Tholen alweer 25 jaar geleden. Vuilniszakken, geen kliko’s. Dan is het weg de volgende morgen. Hond of kat gekomen. Al ons vuil, al onze rommel op straat. Het is wat. Zo kan het in je leven zijn. Dacht ik ben het kwijt. En dan komt het en de duivel er ook nog bij. Heere neem U het weg.

Uitgedelgd. Nevel. Je ziet er niks meer van. Gedenk niet. Waarom dacht die dat? Als God ze wel gedenkt, dan is daar straf aan verbonden. Gedenken zit ook een handeling aan vast. Gedenk de sabbatdag dat u die heiligt. Als God gedenkt dan straft Hij en kom je om.

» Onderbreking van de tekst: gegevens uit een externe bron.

(* Let $\omega^{(1)}=(2,2,1)$, $\omega^{(2)}=(2,4)$, $\omega^{(3)}=(4,1,1)$, $\omega^{(4)}=(4,3)$, $\omega^{(5)}=(6,2)$. Then for $j=1,2,3,4,5$ respectively: $\dim(QP^{\otimes7}_{10})^{>0}(\omega^{(j)})=0,0,0,20,35$; $\dim(QP^{\otimes8}_{10})^{>0}(\omega^{(j)})=0,0,0,0,20$; and $\dim(QP^{\otimes h}_{10})^{>0}(\omega^{(j)})=0$ for all $j$ whenever $h\ge9$.
   Context: $P^{\otimes h}=\mathbb F_2[t_1,\dots,t_h]$ ($\deg t_i=1$) with the standard action of the mod 2 Steenrod algebra $\mathcal A$ ($\overline{\mathcal A}$ its positive-degree part). The weight vector of $t=t_1^{a_1}\cdots t_h^{a_h}$ is $\omega(t)$ with $\omega_i(t)=\sum_j\alpha_{i-1}(a_j)$, $\alpha_k(a)$ the $k$-th binary digit; weight vectors are ordered left-lexicographically. $(P^{\otimes h})^{>0}$ is the $\mathcal A$-submodule spanned by monomials with all exponents positive. For a weight vector $\omega$ of degree $n$, $(P^{\otimes h}_n)^{>0}(\omega)$ (resp. $(<\omega)$) is spanned by degree-$n$ monomials of $(P^{\otimes h})^{>0}$ with $\omega(t)\le\omega$ (resp. $<\omega$), and $(QP^{\otimes h}_n)^{>0}(\omega)$ is the quotient of $(P^{\otimes h}_n)^{>0}(\omega)$ by $(\overline{\mathcal A}(P^{\otimes h})^{>0}\cap(P^{\otimes h}_n)^{>0}(\omega))+(P^{\otimes h}_n)^{>0}(<\omega)$. *)

theory Defs
  imports Main
begin
(* Let $\Gamma$ be a compact subset of $\mathbb C\setminus\mathbf a(\mathbb S^1)$. There exist $C>0$ and $0<\kappa<1$ (depending on $\mathbf a$ and $\Gamma$) such that for all $z\in\Gamma$ and all $n>r+s$, $$\|Q_nR'_n(z)P_n-\mathcal H(z)\|\le C\kappa^n.$$
   Context: Fix integers $r\ge0,s\ge1$, complex $a_{-r},\dots,a_s$ with $a_s\ne0$, $\mathbf a(\lambda)=\sum_{k=-r}^sa_k\lambda^k$. For $n>r+s$, $C_n(\mathbf a)$ is the circulant matrix with $(i,j)$ entry $a_k$ if $j-i\equiv k\pmod n$ for some $k\in\{-r,\dots,s\}$, $0$ otherwise; $R'_n(z)=(z-C_n(\mathbf a))^{-1}$. $D_r\in M_r(\mathbb C)$ is upper triangular with $(D_r)_{pq}=a_{-r+q-p}$ ($q\ge p$); $E_s\in M_s(\mathbb C)$ is lower triangular with $(E_s)_{pq}=a_{s-p+q}$ ($p\ge q$). $P_n\in M_{n,r+s}(\mathbb C)$ has block rows (heights $r,n-r-s,s$) $(0_{r\times s}\ I_r)$, $0$, $(E_s\ 0_{s\times r})$; $Q_n\in M_{r+s,n}(\mathbb C)$ has block rows (heights $s,r$) $(I_s\ 0\ 0_{s\times r})$ and $(0_{r\times s}\ 0\ D_r)$. $\mathcal F(\omega)=(\omega^{p-q})_{1\le p,q\le r+s}$, $\mathcal D=\mathrm{diag}(I_s,D_r)$, $\mathcal E=\mathrm{diag}(E_s,I_r)$, and for $z\notin\mathbf a(\mathbb S^1)$, $$\mathcal H(z)=\frac1{2i\pi}\mathcal D\oint_{\mathbb S^1}\mathrm{diag}(\omega^sI_s,\omega^{-r}I_r)\frac{\mathcal F(\omega)}{\omega(z-\mathbf a(\omega))}d\omega\ \mathcal E$$ (contour integral over the positively oriented unit circle). $\|\cdot\|$ is the operator norm. *)

theory Defs
  imports "HOL-Complex_Analysis.Complex_Analysis" "Jordan_Normal_Form.Matrix"
begin

definition symb :: "nat \<Rightarrow> nat \<Rightarrow> (int \<Rightarrow> complex) \<Rightarrow> complex \<Rightarrow> complex" where
  "symb r s a x = (\<Sum>k\<in>{-int r..int s}. a k * x powi k)"

text \<open>Circulant matrix C_n(a) (indices 0-based; j - i mod n is shift invariant).\<close>
definition circ :: "nat \<Rightarrow> nat \<Rightarrow> (int \<Rightarrow> complex) \<Rightarrow> nat \<Rightarrow> complex mat" where
  "circ r s a n = mat n n (\<lambda>(i,j).
     if \<exists>k\<in>{-int r..int s}. (int j - int i - k) mod int n = 0
     then a (THE k. k \<in> {-int r..int s} \<and> (int j - int i - k) mod int n = 0)
     else 0)"

definition resolv :: "nat \<Rightarrow> nat \<Rightarrow> (int \<Rightarrow> complex) \<Rightarrow> nat \<Rightarrow> complex \<Rightarrow> complex mat" where
  "resolv r s a n z = (THE B. B \<in> carrier_mat n n \<and>
      (z \<cdot>\<^sub>m 1\<^sub>m n - circ r s a n) * B = 1\<^sub>m n \<and> B * (z \<cdot>\<^sub>m 1\<^sub>m n - circ r s a n) = 1\<^sub>m n)"

definition Dmat :: "nat \<Rightarrow> (int \<Rightarrow> complex) \<Rightarrow> complex mat" where
  "Dmat r a = mat r r (\<lambda>(p,q). if q \<ge> p then a (- int r + int q - int p) else 0)"

definition Emat :: "nat \<Rightarrow> (int \<Rightarrow> complex) \<Rightarrow> complex mat" where
  "Emat s a = mat s s (\<lambda>(p,q). if p \<ge> q then a (int s - int p + int q) else 0)"
lemma rel_pos_outside_after_max_observation_time:
  fixes \<psi> :: "real \<Rightarrow> real"
  assumes meas: "\<psi> \<in> borel_measurable (lebesgue_on {t2..})"
    and "0 \<le> \<alpha>" "\<alpha> < 1" "0 \<le> R" "x2 = R * sin lam" "yO2 - yT2 = R * cos lam"
    and after: "t2 + max_observation_time \<alpha> R lam < t"
  shows "R < cmod (rel_pos \<alpha> t2 x2 yO2 yT2 \<psi> t)"
proof (rule ccontr)
  define \<tau> where "\<tau> = t - t2"
  assume "\<not> R < cmod (rel_pos \<alpha> t2 x2 yO2 yT2 \<psi> t)"
  then have "cmod (Complex (R * sin lam) (R * cos lam) - \<i> * of_real \<tau>
      + integral {t2..t} (\<lambda>s. of_real \<alpha> * cis (\<psi> s))) \<le> R"
    using assms unfolding rel_pos_eq[OF meas] \<tau>_def by simp
  moreover have "cmod (integral {t2..t} (\<lambda>s. of_real \<alpha> * cis (\<psi> s))) \<le> \<alpha> * \<tau>"
    using norm_integral_cis_comp_le[OF meas, of t \<alpha>] after assms(2)
    unfolding \<tau>_def max_observation_time_def by simp
  moreover have \<tau>: "0 < \<tau>" "max_observation_time \<alpha> R lam < \<tau>"
    using after unfolding \<tau>_def max_observation_time_def by auto
  ultimately have "\<tau>\<^sup>2 * (1 - \<alpha>\<^sup>2) \<le> 2 * \<tau> * (\<alpha> * R + R * cos lam)"
    using inside_disk_time_bound[OF norm_Complex_sin_cos] assms by fastforce
  then have "\<tau> * (\<tau> * (1 - \<alpha>\<^sup>2)) \<le> \<tau> * (2 * R * (\<alpha> + cos lam))"
    by (simp add: power2_eq_square algebra_simps)
  then have "\<tau> * (1 - \<alpha>\<^sup>2) \<le> 2 * R * (\<alpha> + cos lam)"
    using \<open>0 < \<tau>\<close> by (rule mult_left_le_imp_le)
  moreover have "0 < 1 - \<alpha>\<^sup>2"
    using assms by (simp add: abs_square_less_1)
  ultimately have "\<tau> \<le> 2 * R * (\<alpha> + cos lam) / (1 - \<alpha>\<^sup>2)"
    by (metis pos_le_divide_eq)
  then show False
    using \<tau> by (simp add: max_observation_time_def)
qed

lemma escape_time_le_max_observation_time:
  fixes \<psi> :: "real \<Rightarrow> real"
  assumes meas: "\<psi> \<in> borel_measurable (lebesgue_on {t2..})"
    and "0 \<le> \<alpha>" "\<alpha> < 1" "0 \<le> R" "x2 = R * sin lam" "yO2 - yT2 = R * cos lam"
  shows "escape_time \<alpha> R t2 x2 yO2 yT2 \<psi> \<le> t2 + max_observation_time \<alpha> R lam"
proof -
  define S where "S = {t. t2 \<le> t \<and> R < cmod (rel_pos \<alpha> t2 x2 yO2 yT2 \<psi> t)}"
  let ?T = "t2 + max_observation_time \<alpha> R lam"
  have "{?T<..} \<subseteq> S"
    using rel_pos_outside_after_max_observation_time[OF assms]
    by (auto simp: S_def max_observation_time_def)
  moreover have "bdd_below S"
    by (rule bdd_belowI[of _ t2]) (simp add: S_def)
  ultimately have "Inf S \<le> Inf {?T<..}"
    by (intro cInf_superset_mono) auto
  then show ?thesis
    using escape_time_eq_Inf_rel_pos[OF \<open>0 \<le> R\<close>] by (simp add: S_def)
qed

lemma cis_arccos_Re:
  assumes "cmod z = 1" and "0 \<le> Im z"
  shows "cis (arccos (Re z)) = z"
proof -
  have "\<bar>Re z\<bar> \<le> 1"
    using abs_Re_le_cmod[of z] assms(1) by simp
  moreover have "1 - (Re z)\<^sup>2 = (Im z)\<^sup>2"
    using cmod_power2[of z] assms(1) by simp
  ultimately show ?thesis
    using assms(2) by (simp add: complex_eq_iff cos_arccos_abs sin_arccos_abs)
qed

definition optimal_heading :: "real \<Rightarrow> real \<Rightarrow> real" where
  "optimal_heading \<alpha> lam = arccos ((\<alpha>\<^sup>2 - 1) * sin lam / (\<alpha>\<^sup>2 + 2 * \<alpha> * cos lam + 1))"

Is het een goede reden dat je niet gestraft wordt? Vlucht voor de toekomstige toorn. Ik zoek naar God. De reden dat ik niet naar de hel ga. Is dat een goede reden? God zegt het Zelf tegen ons. Maar als je God kent, de verborgen omgang. Zijn hart, gunst, liefde mag ervaren. De relatie die verstoord was hersteld. Neem weg, gedenk niet. Er staat zoveel. U kent misschien dat gedicht van Willem de Mérode: 

‘Hun harten voelden zij als boeken
In Gods geduchte hand gelegd,
En wisten, dat Hij al hun slecht
Gedrag gerecht zou onderzoeken.

Zij lazen bang en hunkrend mee,
En zagen wat zijn vingers wezen.
Was er niets goeds? hun schaamte en vreezen
Groeiden tot een verschroeiend wee.

God had de boeken dicht gedaan,
En zou het groote vonnis spreken.
Toen dorst hun stem de stilte breken:

O Heere Jezus, neem ons aan!
En ’t bonzend hart, dat ze in zich vonden,
Was vlekkeloos en zonder zonden.’

Dan ben ik bij mijn volgende punt.

4. Waar hij op pleit

Pleitgrond. Verschillende onderwerpen. Want die is groot. Waarom zou God het wegdoen? Wat kan ik voor reden aanvoeren bij mijzelf. Want die is groot. Het is zo verschrikkelijk erg. Die bedelaar zit daar op straat, doet zich niet mooier voor. De ontleent als het ware zijn recht aan zijn staat. Al kun je daar natuurlijk geen recht aan ontlenen.

Ik heb Goliath verslagen – nee. Hij voert niets van zichzelf aan. Gemeente, vergeving wordt niet verdiend. Nog een reden: om Uws Naams wil. Redenen in mijzelf niet, ik ben zo slecht. God die redenen neemt uit Zichzelf. Psalm 23 verkwikt om Zijns Naam wil. Psalm 143 om Zijn Naams wil. Psalm 31 om Zijn Naams wil. Ezechiël 20 ik keerde mijn hand af om Uws Naam wil.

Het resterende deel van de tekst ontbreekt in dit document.